[Exercise data]
┌──
lemma cantor_series_square_mult_one_plus_X2:
  assumes "prime p" and "odd p" and "CHAR('a::field) = p"
  shows "Abs_fps (cantor_seq p) ^ 2 * (1 + fps_X ^ 2) = (1 :: 'a fps)"
proof -
  define Y where "Y = (1 + fps_X ^ 2 :: 'a fps)"
  define D where "D = (Abs_fps (cantor_seq p) :: 'a fps)"
  define G where "G = D ^ 2 * Y"
  have "p > 1" using assms(1) prime_gt_1_nat by blast
  have "Y ^ p = (Y ^ phalf p) ^ 2 * Y"
  proof -
    have "p = 2 * phalf p + 1" using assms(2) by (auto simp: phalf_def elim!: oddE)
    then have "Y ^ p = Y ^ (2 * phalf p + 1)" by simp
    then show ?thesis by (simp add: power_add power_mult mult.commute)
  qed
  have mahler: "D = Y ^ phalf p * (D oo fps_X ^ p)"
    unfolding D_def Y_def cantor_seq_eq_digit_prod[OF \<open>p > 1\<close>]
    using \<open>p > 1\<close> cantor_fps_nth_ge[OF assms(2)]
    by (subst fps_digit_prod_eq_mult_compose)
      (simp_all add: fps_nth_inverse fps_one_plus_X2_power_nth[where i = 0])
  have "G oo fps_X ^ p = (D oo fps_X ^ p) ^ 2 * Y ^ p"
    using \<open>p > 1\<close> assms(1,3)
    by (simp add: G_def Y_def fps_compose_mult_distrib fps_compose_power fps_one_plus_X_power_CHAR)
  also have "\<dots> = (Y ^ phalf p * (D oo fps_X ^ p)) ^ 2 * Y"
    unfolding \<open>Y ^ p = (Y ^ phalf p) ^ 2 * Y\<close> by (simp add: power_mult_distrib mult_ac)
  also have "\<dots> = G"
    unfolding G_def by (simp only: mahler[symmetric])
  finally have "G = fps_const (G $ 0)"
    using \<open>p > 1\<close> by (intro fps_compose_X_power_fixed_eq_const) simp
  moreover have "G $ 0 = 1"
    using \<open>p > 1\<close>
    by (simp add: G_def D_def Y_def fps_power_zeroth cantor_seq_eq_digit_prod)
  ultimately have "G = 1" by simp
  then show ?thesis unfolding G_def D_def Y_def .
qed

lemma poly_t_0 [simp]: "poly_t 0 = 0"
  by (simp add: poly_t_def)

lemma poly_t_pCons: "poly_t (pCons a P) = fls_const a + fls_X_inv * poly_t P"
  by (simp add: poly_t_def map_poly_pCons)

lemma fls_nth_poly_t:
  "fls_nth (poly_t P) n = (if n \<le> 0 then Polynomial.coeff P (nat (- n)) else 0)"
proof (induction P arbitrary: n rule: pCons_induct)
  case (pCons a P)
  have "fls_nth (poly_t (pCons a P)) n = (if n = 0 then a else 0) + fls_nth (poly_t P) (n + 1)"
    by (simp add: poly_t_pCons fls_X_inv_times_conv_shift)
  also have "\<dots> = (if n \<le> 0 then Polynomial.coeff (pCons a P) (nat (- n)) else 0)"
  proof (cases "n < 0")
    case True
    then have "nat (- n) = Suc (nat (- (n + 1)))" by simp
    then show ?thesis using True pCons.IH by simp
  qed (use pCons.IH in auto)
  finally show ?case .
qed simp

lemma inj_poly_t: "inj poly_t"
proof (rule injI)
  fix P Q :: "'a::field poly"
  assume "poly_t P = poly_t Q"
  then have "fls_nth (poly_t P) (- int i) = fls_nth (poly_t Q) (- int i)" for i by simp
  then show "P = Q" by (intro poly_eqI) (simp add: fls_nth_poly_t)
qed

lemma map_poly_add_hom:
  assumes "f 0 = 0" and "\<And>x y. f (x + y) = f x + f y"
  shows "map_poly f (P + Q) = map_poly f P + map_poly f Q"
  by (intro poly_eqI) (simp add: assms coeff_map_poly)

lemma map_poly_mult_hom:
  fixes f :: "'a::comm_semiring_0 \<Rightarrow> 'b::comm_semiring_0"
  assumes "f 0 = 0" and "\<And>x y. f (x + y) = f x + f y" and "\<And>x y. f (x * y) = f x * f y"
  shows "map_poly f (P * Q) = map_poly f P * map_poly f Q"
  by (induction P rule: pCons_induct)
     (simp_all add: assms map_poly_add_hom map_poly_smult map_poly_pCons)

lemma poly_t_mult: "poly_t (P * Q) = poly_t P * poly_t Q"
  unfolding poly_t_def by (subst map_poly_mult_hom) (simp_all add: fls_plus_const)

lemma poly_t_1 [simp]: "poly_t 1 = 1"
  by (simp add: poly_t_def)

lemma poly_t_power: "poly_t (P ^ n) = poly_t P ^ n"
  by (induction n) (simp_all add: poly_t_mult)

lemma square_ne_quadratic_without_linear_term:
  fixes R :: "'a::idom poly"
  assumes "(2::'a) \<noteq> 0" and "c \<noteq> 0" and "d \<noteq> 0"
  shows "R ^ 2 \<noteq> [:c, 0, d:]"
proof
  assume sq: "R ^ 2 = [:c, 0, d:]"
  then have "R \<noteq> 0" using assms(2) by auto
  then have "2 * degree R = 2"
    using sq assms(3) degree_power_eq[of R 2] by simp
  define a b where "a = Polynomial.coeff R 0" and "b = Polynomial.coeff R 1"
  have "R = [:a, b:]"
    using \<open>2 * degree R = 2\<close> unfolding a_def b_def
    by (intro poly_eqI) (auto simp: coeff_pCons coeff_eq_0 split: nat.splits)
  then have "R ^ 2 = [:a * a, 2 * a * b, b * b:]"
    by (simp add: power2_eq_square algebra_simps)
  then have "a * a = c" "2 * a * b = 0" "b * b = d"
    using sq by simp_all
  then show False using assms by auto
qed

lemma square_if_mult_square_eq_square:
  fixes A P Q :: "'a::field poly"
  assumes "A * P ^ 2 = Q ^ 2" and "P \<noteq> 0"
  shows "\<exists>S. A = S ^ 2"
  using assms
proof (induction "degree P" arbitrary: P Q rule: less_induct)
  case less
  define S R where "S = Q div P" and "R = Q mod P"
  have R: "R = Q - S * P" by (simp add: S_def R_def minus_div_mult_eq_mod)
  show ?case
  proof (cases "R = 0")
    case True
    then have "A * P ^ 2 = S ^ 2 * P ^ 2"
      using less.prems(1) R by (simp add: power_mult_distrib)
    then show ?thesis using less.prems(2) by auto
  next
    case False
    then have "degree R < degree P"
      using less.prems(2) by (simp add: R_def degree_mod_less')
    moreover have "A * R ^ 2 = (A * P - S * Q) ^ 2"
    proof -
      (* (A P - S Q) + R sqrt A = (Q + P sqrt A)(sqrt A - S) has norm zero *)
      have "(A * P - S * Q) ^ 2 - A * R ^ 2 = (A - S ^ 2) * (A * P ^ 2 - Q ^ 2)"
        unfolding R by (simp add: algebra_simps power2_eq_square)
      then show ?thesis using less.prems(1) by simp
    qed
    ultimately show ?thesis using less.hyps False by blast
  qed
qed

lemma not_rational_if_one_plus_t2_mult_square_eq_1:
  fixes f :: "'a::field fls"
  assumes "(2::'a) \<noteq> 0" and root: "poly_t [:1, 0, 1:] * f ^ 2 = 1"
  shows "\<not> (\<exists>P Q. Q \<noteq> 0 \<and> f * poly_t Q = poly_t P)"
proof
  assume "\<exists>P Q. Q \<noteq> 0 \<and> f * poly_t Q = poly_t P"
  then obtain P Q where "Q \<noteq> 0" and PQ: "f * poly_t Q = poly_t P" by blast
  have "poly_t ([:1, 0, 1:] * P ^ 2) = poly_t [:1, 0, 1:] * (f * poly_t Q) ^ 2"
    by (simp only: poly_t_mult poly_t_power PQ)
  also have "\<dots> = (poly_t [:1, 0, 1:] * f ^ 2) * poly_t Q ^ 2"
    by (simp add: power_mult_distrib)
  also have "\<dots> = poly_t (Q ^ 2)"
    by (simp add: root poly_t_power)
  finally have eq: "[:1, 0, 1:] * P ^ 2 = Q ^ 2"
    by (rule injD[OF inj_poly_t])
  then have "P \<noteq> 0" using \<open>Q \<noteq> 0\<close> by auto
  then obtain S :: "'a poly" where "[:1, 0, 1:] = S ^ 2"
    using square_if_mult_square_eq_square[OF eq] by blast
  then show False
    using square_ne_quadratic_without_linear_term[OF assms(1), of 1 1 S] by simp
qed

lemma one_plus_t2_mult_Theta_square:
  assumes "prime p" and "odd p" and "CHAR('a::field) = p"
  shows "poly_t [:1, 0, 1:] * Theta p ^ 2 = (1 :: 'a fls)"
proof -
  define F where "F = fps_to_fls (Abs_fps (cantor_seq p) :: 'a fps)"
  have "fls_X_inv * fls_X = (1 :: 'a fls)"
    by (simp flip: fls_inverse_X)
  have "poly_t [:1, 0, 1:] * Theta p ^ 2 =
      (fls_X * fls_X + (fls_X_inv * fls_X) * (fls_X_inv * fls_X)) * F ^ 2"
    by (simp add: Theta_def F_def poly_t_pCons power2_eq_square algebra_simps)
  also have "\<dots> = (fls_X ^ 2 + 1) * F ^ 2"
    by (simp only: \<open>fls_X_inv * fls_X = 1\<close>) (simp add: power2_eq_square)
  also have "\<dots> = fps_to_fls (Abs_fps (cantor_seq p) ^ 2 * (1 + fps_X ^ 2))"
    by (simp add: F_def fls_times_fps_to_fls fps_to_fls_power add.commute mult.commute)
  also have "\<dots> = 1"
    using cantor_series_square_mult_one_plus_X2[OF assms] by simp
  finally show ?thesis .
qed

theorem lemma5p8:
  fixes p :: nat
  assumes "prime p" and "odd p" and "CARD('a) = p"
  shows "quadratic_irrational (Theta p :: 'a::{field,finite} fls)"
proof -
  have char: "CHAR('a) = p"
    using CHAR_eq_CARD_if_prime[where 'a='a] assms(1,3) by simp
  have "(2::'a) \<noteq> 0"
  proof
    assume "(2::'a) = 0"
    then have "p dvd 2"
      using char of_nat_eq_0_iff_char_dvd[of 2, where 'a='a] by simp
    then show False
      using assms(1,2) primes_dvd_imp_eq[of p 2] by auto
  qed
  moreover have "poly_t [:1, 0, 1:] * Theta p ^ 2 = (1 :: 'a fls)"
    using assms(1,2) char by (rule one_plus_t2_mult_Theta_square)
  ultimately show ?thesis
    unfolding quadratic_irrational_def
    by (intro conjI not_rational_if_one_plus_t2_mult_square_eq_1 exI[of _ "[:1, 0, 1:]"]
        exI[of _ 0] exI[of _ "[:-1:]"]) (simp_all add: poly_t_pCons)
qed

end
lemma generator_bound_le_canonical_generator:
  assumes "distribution_function F" "distribution_function G" "0 < w" "w < 1"
  shows "generator_bound F G w y \<le> canonical_generator F G w"
proof -
  obtain y0 where "w \<le> right_lim (maxmin_K F G) y0"
    and chi: "canonical_generator F G w = generator_value (left_lim F y0) (right_lim F y0) (G y0) w"
    using canonical_generator_at_jump_point[OF assms] .
  then show ?thesis
    using generator_bound_le_generator_value \<open>w < 1\<close>
      assms(1,2)[THEN distribution_function_imp_mono_unit_fun] by simp
qed

lemma canonical_generator_eq_SUP:
  assumes "distribution_function F" "distribution_function G" "0 < w" "w < 1"
  shows "canonical_generator F G w = (SUP y. generator_bound F G w y)"
proof (rule cSup_eq_non_empty[symmetric])
  obtain y0 where jump: "left_lim (maxmin_K F G) y0 \<le> w" "w \<le> right_lim (maxmin_K F G) y0"
    and chi: "canonical_generator F G w = generator_value (left_lim F y0) (right_lim F y0) (G y0) w"
    using canonical_generator_at_jump_point[OF assms] .
  fix u assume ub: "\<And>v. v \<in> range (generator_bound F G w) \<Longrightarrow> v \<le> u"
  show "canonical_generator F G w \<le> u"
  proof (rule ccontr)
    assume "\<not> canonical_generator F G w \<le> u"
    then obtain y where "u < generator_bound F G w y"
      using generator_value_approx[OF assms(1,2)[THEN distribution_function_imp_mono_unit_fun]
          \<open>w < 1\<close> _ jump, of "canonical_generator F G w - u"]
      unfolding chi by auto
    then show False using ub[OF rangeI] leD by blast
  qed
qed (use generator_bound_le_canonical_generator[OF assms] in auto)

theorem lemma2:
  fixes FY' FY FZ :: "real \<Rightarrow> real"
  assumes "distribution_function FY'"
    and "distribution_function FY"
    and "distribution_function FZ"
    and "\<And>y. FY' y \<le> FY y"
  shows "\<forall>w\<in>{0..1}. canonical_generator FY' FZ w \<le> canonical_generator FY FZ w"
proof
  fix w :: real assume "w \<in> {0..1}"
  then consider "w = 0 \<or> w = 1" | "0 < w" "w < 1" by fastforce
  then show "canonical_generator FY' FZ w \<le> canonical_generator FY FZ w"
  proof cases
    case 1
    then show ?thesis unfolding canonical_generator_def by auto
  next
    case 2
    have "bdd_above (range (generator_bound FY FZ w))"
      using generator_bound_le_canonical_generator[OF assms(2,3) 2] by (intro bdd_aboveI2)
    then show ?thesis
      unfolding canonical_generator_eq_SUP[OF assms(1,3) 2] canonical_generator_eq_SUP[OF assms(2,3) 2]
      using generator_bound_mono[OF assms(1,2)[THEN distribution_function_imp_mono_unit_fun] assms(4)]
      by (intro cSUP_mono) auto
  qed
qed

end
└──
[Problem requirements]
When a line in the material above includes the word "commute", copy that line.

[Result for this task]
    then show ?thesis by (simp add: power_add power_mult mult.commute)
    by (simp add: F_def fls_times_fps_to_fls fps_to_fls_power add.commute mult.commute)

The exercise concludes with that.